Hallo those are great!! Its been awhile since I have been on here as its the Christmas Season. Love the little Boo Ghost. I have actually stumbled onto around 20 blow molds since we last chatted. Some Halloween and Some Christmas. I will post my newest and best find  Just pulled these inside I was able to find the whold Disney Family on Clist this week for cheap. They all look brand new and Goofy and Tigger are extremely hard to find.


----------



## hallorenescene (Dec 28, 2007)

wow gris, those are a treasure find. i'm not into christmas as much as you, but i love those guys. glad you got them. i think the disney characters sell well on ebay. nice luck you got still going. i've noticed there are a lot of blow molds out this year. seems more so than previous years. maybe they are making a come back. that would be so sweet. maybe that means more for us garage saling this year.


----------



## chop shop (Oct 31, 2010)

Yeah, but do you have a wicked blow molded Santa?


----------



## hallorenescene (Dec 28, 2007)

chop shop said:


> Yeah, but do you have a wicked blow molded Santa?

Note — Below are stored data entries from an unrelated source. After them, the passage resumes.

text \<open>If all dyadic increments are below the thresholds, the walk stays below y in absolute
  value (the thresholds sum to y/4 and the finest mesh is at most y/8).\<close>
lemma large_walk_not_good:
  fixes y :: real
  assumes m: "1 \<le> m" and h: "1 \<le> h" "real h \<le> y / 8" and y: "0 < y"
    and mL: "m < 2 ^ L * h" and tnn: "\<And>l. 0 \<le> t l" and sumt: "(\<Sum>j\<in>{1..L}. t j) \<le> y / 4"
  shows "{w\<in>codes m. \<exists>i\<le>m. y \<le> \<bar>real_of_int (walk m w i)\<bar>}
      \<subseteq> {w\<in>codes m. \<not> dyadic_good (walk m w) m h L t}"
proof (intro subsetI CollectI conjI)
  fix w assume "w \<in> {w\<in>codes m. \<exists>i\<le>m. y \<le> \<bar>real_of_int (walk m w i)\<bar>}"
  then obtain i where w: "w \<in> codes m" "i \<le> m" "y \<le> \<bar>real_of_int (walk m w i)\<bar>" by auto
  show "w \<in> codes m" by (rule w(1))
  show "\<not> dyadic_good (walk m w) m h L t"
  proof
    assume "dyadic_good (walk m w) m h L t"
    hence "\<bar>real_of_int (walk m w i)\<bar> \<le> (\<Sum>j\<in>{1..L}. t j) + real h"
      by (rule chain_all[OF _ mL tnn h(1) m w(2)])
    thus False using w(3) sumt h y by linarith
  qed
qed

text \<open>Maximal inequality for a fixed dyadic scheme: finest mesh h \<approx> y/8 and L levels, the coarsest
  mesh h 2^L just exceeding m.\<close>
lemma max_ineq_dyadic:
  fixes y :: real
  assumes m: "1 \<le> m" and h: "1 \<le> h" "y / 16 \<le> real h" "real h \<le> y / 8" and y: "0 < y"
    and mL: "m < 2 ^ L * h" and mL': "1 \<le> L \<Longrightarrow> 2 ^ (L - 1) * h \<le> m"
    and A: "16 \<le> y\<^sup>2 / (1024 * real m)"
  shows "real (card {w\<in>codes m. \<exists>i\<le>m. y \<le> \<bar>real_of_int (walk m w i)\<bar>})
    \<le> 16 * exp (- (y\<^sup>2 / (1024 * real m))) * real m ^ (m - 1)"
proof -
  define t where "t l = y / 16 * (3/4) ^ (l - 1)" for l :: nat
  define N where "N = real m ^ (m - 1)"
  define E where "E = exp (- (y\<^sup>2 / (1024 * real m)))"
  have tnn: "0 \<le> t l" for l using y by (simp add: t_def)
  have tg: "t l \<le> real (h * 2 ^ (L - l))" for l
    unfolding t_def using threshold_le_mesh y h(2) by simp
  have sumt: "(\<Sum>j\<in>{1..L}. t j) \<le> y / 4" using sum_thresholds[of y L] y by (simp add: t_def)
  have "real (card {w\<in>codes m. \<exists>i\<le>m. y \<le> \<bar>real_of_int (walk m w i)\<bar>})
      \<le> real (card {w\<in>codes m. \<not> dyadic_good (walk m w) m h L t})"
    using large_walk_not_good[OF m h(1) h(3) y mL tnn sumt] finite_codes by (simp add: card_mono)
  also have "\<dots> \<le> (\<Sum>l\<in>{1..L}. real (m div (h * 2 ^ (L - l))) *
         (4 * exp (- ((t l)\<^sup>2 / (4 * real (h * 2 ^ (L - l))))) * N))"
    unfolding N_def by (rule bad_count[OF m h(1) tnn tg])
  also have "\<dots> \<le> (\<Sum>l\<in>{1..L}. 8 * E * N * (1/2) ^ (l - 1))"
  proof (rule sum_mono)
    fix l assume l: "l \<in> {1..L}"
    have "real (m div (h * 2 ^ (L - l))) * (4 * exp (- ((t l)\<^sup>2 / (4 * real (h * 2 ^ (L - l))))))
      \<le> 8 * E * (1/2) ^ (l - 1)"
      unfolding t_def E_def using l mL' by (intro term_bound[OF h(1) l mL _ A]) auto
    hence "real (m div (h * 2 ^ (L - l))) * (4 * exp (- ((t l)\<^sup>2 / (4 * real (h * 2 ^ (L - l)))))) * N
      \<le> 8 * E * (1/2) ^ (l - 1) * N"
      by (intro mult_right_mono) (auto simp: N_def)
    thus "real (m div (h * 2 ^ (L - l))) * (4 * exp (- ((t l)\<^sup>2 / (4 * real (h * 2 ^ (L - l))))) * N)
      \<le> 8 * E * N * (1/2) ^ (l - 1)"
      by (simp add: mult_ac)
  qed
  also have "\<dots> = 8 * E * N * (\<Sum>l\<in>{1..L}. (1/2) ^ (l - 1))"
    by (rule sum_distrib_left[symmetric])
  also have "\<dots> \<le> 8 * E * N * (1 / (1 - 1/2))"
    by (intro mult_left_mono geo_sum_le) (auto simp: E_def N_def)
  finally show ?thesis by (simp add: E_def N_def)
qed

lemma max_ineq_big:
  fixes y :: real
  assumes m: "1 \<le> m" and y0: "0 \<le> y" and A: "16 \<le> y\<^sup>2 / (1024 * real m)"
  shows "real (card {w\<in>codes m. \<exists>i\<le>m. y \<le> \<bar>real_of_int (walk m w i)\<bar>})
    \<le> 16 * exp (- (y\<^sup>2 / (1024 * real m))) * real m ^ (m - 1)"
proof -
  have y: "0 < y" using y0 A by (cases "y = 0") auto
  have "16 * 1024 \<le> y\<^sup>2" using A m by (simp add: field_simps)
  have y128: "128 \<le> y"
  proof (rule ccontr)
    assume "\<not> 128 \<le> y"
    hence "y * y < 128 * 128" using y by (intro mult_strict_mono') auto
    thus False using \<open>16 * 1024 \<le> y\<^sup>2\<close> by (simp add: power2_eq_square)
  qed
  define h where "h = nat \<lfloor>y / 8\<rfloor>"
  have hfl: "real h = real_of_int \<lfloor>y / 8\<rfloor>" using y by (simp add: h_def)
  have h1: "real h \<le> y / 8" using of_int_floor_le[of "y / 8"] hfl by linarith
  have h2: "y / 16 \<le> real h"
    using real_of_int_floor_gt_diff_one[of "y / 8"] hfl y128 by linarith
  have h0: "1 \<le> h" using h2 y128 by linarith
  define L where "L = (LEAST L. m < 2 ^ L * h)"
  have "m < 2 ^ m * h" using h0 less_exp[of m] by (metis less_le_trans mult.right_neutral mult_le_mono2)
  hence mL: "m < 2 ^ L * h" unfolding L_def by (rule LeastI)
  have mL': "2 ^ (L - 1) * h \<le> m" if "1 \<le> L"
  proof -
    have "L - 1 < L" using that by simp
    hence "\<not> m < 2 ^ (L - 1) * h" unfolding L_def by (rule not_less_Least)
    thus ?thesis by simp
  qed
  show ?thesis by (rule max_ineq_dyadic[OF m h0 h2 h1 y mL mL' A])
qed

text \<open>Gaussian maximal inequality for all y \<ge> 0 (small y are absorbed into the constant).\<close>
lemma max_ineq:
  fixes y :: real
  assumes m: "1 \<le> m" and y: "0 \<le> y"
  shows "real (card {w\<in>codes m. \<exists>i\<le>m. y \<le> \<bar>real_of_int (walk m w i)\<bar>})
    \<le> 16 * exp 16 * exp (- (y\<^sup>2 / (1024 * real m))) * real m ^ (m - 1)"
proof (cases "16 \<le> y\<^sup>2 / (1024 * real m)")
  case True
  have "real (card {w\<in>codes m. \<exists>i\<le>m. y \<le> \<bar>real_of_int (walk m w i)\<bar>})
    \<le> 16 * exp (- (y\<^sup>2 / (1024 * real m))) * real m ^ (m - 1)"
    by (rule max_ineq_big[OF m y True])
  also have "\<dots> \<le> 16 * exp 16 * exp (- (y\<^sup>2 / (1024 * real m))) * real m ^ (m - 1)"
  proof -
    have "1 \<le> exp (16::real)" by simp
    thus ?thesis by (intro mult_right_mono) auto
  qed
  finally show ?thesis .
next
  case False
  have "card {w\<in>codes m. \<exists>i\<le>m. y \<le> \<bar>real_of_int (walk m w i)\<bar>} \<le> card (codes m)"
    using finite_codes by (intro card_mono) auto
  hence "real (card {w\<in>codes m. \<exists>i\<le>m. y \<le> \<bar>real_of_int (walk m w i)\<bar>}) \<le> 1 * real m ^ (m - 1)"
    by (simp add: card_codes flip: of_nat_power)
  also have "\<dots> \<le> 16 * exp 16 * exp (- (y\<^sup>2 / (1024 * real m))) * real m ^ (m - 1)"
  proof (intro mult_right_mono)
    have "1 \<le> exp (16 - y\<^sup>2 / (1024 * real m))" using False by simp
    also have "\<dots> = exp 16 * exp (- (y\<^sup>2 / (1024 * real m)))" by (simp add: exp_diff exp_minus field_simps)
    finally show "1 \<le> 16 * exp 16 * exp (- (y\<^sup>2 / (1024 * real m)))" by simp
  qed auto
  finally show ?thesis .
qed

section \<open>The search driven by a code\<close>

text \<open>The search on a code w mimics the ordered DFS: at step j the head of the queue (the j-th
  explored vertex) is removed and the vertices born at time j, i.e. with w u = j, are pushed in
  increasing order.  The state is (queue, explored set), as in odfs_state.\<close>
primrec search :: "nat \<Rightarrow> (nat \<Rightarrow> nat) \<Rightarrow> nat \<Rightarrow> nat list \<times> nat set" where
  "search m w 0 = ([1], {})"
| "search m w (Suc j) = (sorted_list_of_set {u\<in>{2..m}. w u = j} @ tl (fst (search m w j)),
                      insert (hd (fst (search m w j))) (snd (search m w j)))"

definition explored :: "nat \<Rightarrow> (nat \<Rightarrow> nat) \<Rightarrow> nat \<Rightarrow> nat" where
  "explored m w j = hd (fst (search m w j))"

definition born_before :: "nat \<Rightarrow> (nat \<Rightarrow> nat) \<Rightarrow> nat \<Rightarrow> nat set" where
  "born_before m w j = {u\<in>{2..m}. w u < j}"

definition born_at :: "nat \<Rightarrow> (nat \<Rightarrow> nat) \<Rightarrow> nat \<Rightarrow> nat set" where
  "born_at m w j = {u\<in>{2..m}. w u = j}"

lemma born_before_Suc: "born_before m w (Suc j) = born_before m w j \<union> born_at m w j"
  by (auto simp: born_before_def born_at_def)

lemma born_Suc: "born m w (Suc j) = born m w j + card (born_at m w j)"
proof -
  have "born_before m w j \<inter> born_at m w j = {}" by (auto simp: born_before_def born_at_def)
  thus ?thesis unfolding born_def born_before_Suc[unfolded born_before_def]
    by (simp add: card_Un_disjoint born_at_def born_before_def)
qed

definition search_inv :: "nat \<Rightarrow> (nat \<Rightarrow> nat) \<Rightarrow> nat \<Rightarrow> bool" where
  "search_inv m w j \<longleftrightarrow>
     set (fst (search m w j)) \<union> snd (search m w j) = insert 1 (born_before m w j)
     \<and> int (length (fst (search m w j))) = 1 + walk m w j
     \<and> snd (search m w j) = explored m w ` {..<j}"

lemma search_inv_0: "search_inv m w 0"
  by (simp add: search_inv_def born_before_def walk_def born_def)

lemma search_inv_Suc:
  assumes inv: "search_inv m w j" and ne: "fst (search m w j) \<noteq> []"
  shows "search_inv m w (Suc j)"
proof -
  define Q where "Q = fst (search m w j)"
  define A where "A = snd (search m w j)"
  define N where "N = sorted_list_of_set (born_at m w j)"
  have Qeq: "Q = hd Q # tl Q" using ne by (simp add: Q_def)
  have un: "set Q \<union> A = insert 1 (born_before m w j)"
    and len: "int (length Q) = 1 + walk m w j" and Av: "A = explored m w ` {..<j}"
    using inv unfolding search_inv_def Q_def[symmetric] A_def[symmetric] by blast+
  have st: "search m w (Suc j) = (N @ tl Q, insert (hd Q) A)"
    by (simp add: Q_def A_def N_def born_at_def)
  have "set Q = insert (hd Q) (set (tl Q))" using Qeq by (metis list.simps(15))
  hence "set (N @ tl Q) \<union> insert (hd Q) A = insert 1 (born_before m w (Suc j))"
    using un by (auto simp: born_before_Suc N_def born_at_def)
  moreover have "int (length (N @ tl Q)) = 1 + walk m w (Suc j)"
    using len Qeq born_Suc[of m w j] by (cases Q) (auto simp: walk_def N_def)
  moreover have "insert (hd Q) A = explored m w ` {..<Suc j}"
    using Av by (auto simp: explored_def Q_def lessThan_Suc)
  ultimately show ?thesis unfolding search_inv_def st by simp
qed

lemma search_inv_valid:
  assumes v: "valid m w" and j: "j \<le> m"
  shows "search_inv m w j \<and> (j < m \<longrightarrow> fst (search m w j) \<noteq> [])"
  using j
proof (induction j)
  case 0
  thus ?case using search_inv_0 by simp
next
  case (Suc j)
  hence "search_inv m w (Suc j)" using search_inv_Suc by simp
  moreover have "fst (search m w (Suc j)) \<noteq> []" if "Suc j < m"
  proof -
    have "walk m w (Suc j) \<ge> 0" using v that unfolding valid_def by blast
    moreover have "int (length (fst (search m w (Suc j)))) = 1 + walk m w (Suc j)"
      using \<open>search_inv m w (Suc j)\<close> unfolding search_inv_def by blast
    ultimately have "0 < length (fst (search m w (Suc j)))" by linarith
    thus ?thesis by (rule iffD1[OF length_greater_0_conv])
  qed
  ultimately show ?case by simp
qed

definition tree_of :: "nat \<Rightarrow> (nat \<Rightarrow> nat) \<Rightarrow> nat set set" where
  "tree_of m w = (\<lambda>u. {u, explored m w (w u)}) ` {2..m}"

lemma adj_sym: "adj E a b \<Longrightarrow> adj E b a"
  by (auto simp: adj_def insert_commute)

lemma adj_mono: "G \<subseteq> E \<Longrightarrow> adj G a b \<Longrightarrow> adj E a b"
  by (auto simp: adj_def)

locale valid_code =
  fixes m :: nat and w :: "nat \<Rightarrow> nat"
  assumes m1: "1 \<le> m" and ww: "w \<in> codes m" and wv: "valid m w"
begin

abbreviation "Q j \<equiv> fst (search m w j)"
abbreviation "A j \<equiv> snd (search m w j)"
abbreviation "v j \<equiv> explored m w j"

lemma search_invariant: "j \<le> m \<Longrightarrow> search_inv m w j"
  using search_inv_valid[OF wv] by blast

lemma queue_nonempty: "j < m \<Longrightarrow> Q j \<noteq> []"
  using search_inv_valid[OF wv, of j] by simp

lemma queue_explored_eq: "j \<le> m \<Longrightarrow> set (Q j) \<union> A j = insert 1 (born_before m w j)"
  using search_invariant unfolding search_inv_def by blast

lemma explored_set_eq: "j \<le> m \<Longrightarrow> A j = v ` {..<j}"
  using search_invariant unfolding search_inv_def by blast

lemma length_queue: "j \<le> m \<Longrightarrow> int (length (Q j)) = 1 + walk m w j"
  using search_invariant unfolding search_inv_def by blast

text \<open>At time m the walk is at -1: the queue is empty and every vertex has been explored,
  so exploring is a bijection v between times [0,m) and vertices [1,m] with inverse pos.\<close>
lemma born_before_m: "born_before m w m = {2..m}"
  using codes_lt[OF ww] by (auto simp: born_before_def)

lemma queue_m: "Q m = []"
proof -
  have "int (length (Q m)) = 1 + walk m w m" by (rule length_queue) simp
  thus ?thesis using walk_m[OF ww m1] by simp
qed

lemma explored_m: "A m = {1..m}"
proof -
  have "set (Q m) \<union> A m = insert 1 (born_before m w m)" by (rule queue_explored_eq) simp
  thus ?thesis using queue_m born_before_m m1 by auto
qed

lemma explored_image: "v ` {..<m} = {1..m}"
  using explored_set_eq[of m] explored_m by simp

lemma explored_inj: "inj_on v {..<m}"
proof -
  have "card (v ` {..<m}) = card {..<m}" using explored_image by simp
  thus ?thesis by (simp add: inj_on_iff_eq_card)
qed

definition pos :: "nat \<Rightarrow> nat" where "pos u = the_inv_into {..<m} v u"

lemma pos_lt: "u \<in> {1..m} \<Longrightarrow> pos u < m"
  unfolding pos_def using the_inv_into_into[OF explored_inj, of u "{..<m}"] explored_image by auto

lemma v_pos: "u \<in> {1..m} \<Longrightarrow> v (pos u) = u"
  unfolding pos_def using f_the_inv_into_f[OF explored_inj, of u] explored_image by auto

lemma pos_v: "j < m \<Longrightarrow> pos (v j) = j"
  unfolding pos_def using the_inv_into_f_f[OF explored_inj, of j] by auto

is there one? do you have one? i want one?


----------



## Vlad (Nov 2, 2003)

Hi Mr. Gris, nice to see you on this "Planet" as well, lol. And hello to all. Here are the ones I have still not packed away...............


----------



## Guest (Dec 21, 2010)

Vlad said:


> Hi Mr. Gris, nice to see you on this "Planet" as well, lol. And hello to all. Here are the ones I have still not packed away...............


Vlad great to see you are here! I actually love this stomping ground more than the others  By the way if I owned those candles I would never put them away!! Somehow I would add them to my Christmas Display even. 

I have the skeleton and he is a personal favorite. He is a reminder of my childhood more then any others.


----------



## hallorenescene (Dec 28, 2007)

vlad, i love your blowmolds. i have the skely and cat. i would love the candles and pumpkin stack


----------



## The Man (Jun 30, 2010)

Damn I love those candles they are so cool! Do they light well? What I mean is how do they glow and look at night?


----------



## hallorenescene (Dec 28, 2007)

my neighbor has a candle one. i think they light up very nice. but of course, one persons perception can be different than anothers. 
well, i'm looking forward to halloween this year. i've added some more blow molds to my collection. i managed to hook a pencil witch, which i adore. i believe the other scores have been in the pumpkin line. but different than the ones i already have. right now they're all stored away, but as soon as i get them displayed, i'll post a picture. of course, gris has me hands down on quantity and qaulity. i don't know if he could even get all of his scores in one picture shot.


----------



## Guest (Aug 16, 2011)

I am bringing back this thread from the depth of the forum! It was a blast to revisit everyones finds and I am so excited to see what a year has brought everyone into their collections. I will start a new thread in like 3 weeks when I once again unleash the blow molds to the back yard for prep. I have almost tripled my collection over the summer so this will be fun


----------



## Shadowbat (Sep 27, 2009)

We added a couple new ones ourselves this year. Cant wait to display them this year. Our total is now 5 for Halloween blowmolds.


----------



## hallorenescene (Dec 28, 2007)

i have found a few more blow molds as well. mostly pumpkins, but still only one of a kinds. i can't wait to display mine too.


----------



## MissMandy (Apr 18, 2011)

How pathetic.....I only have 1


----------



## witchymom (Oct 6, 2008)

MissMandy said:


> How pathetic.....I only have 1


thats 1 more than i have LOLOLOL


----------



## Si-cotik (Aug 12, 2009)

witchymom said:


> thats 1 more than i have LOLOLOL


ditto!!!!


----------



## Guest (Aug 17, 2011)

MissMandy said:


> How pathetic.....I only have 1


I bet its awesome even though its only one!!! I love any blow mold because its a reminder of my childhood and Halloween. I especially love the older ones of course. What is the one you have?


----------



## RCIAG (Jul 19, 2010)

Ah....I now know what I'm doing tonite! Shopping on Ebay for blow molds!!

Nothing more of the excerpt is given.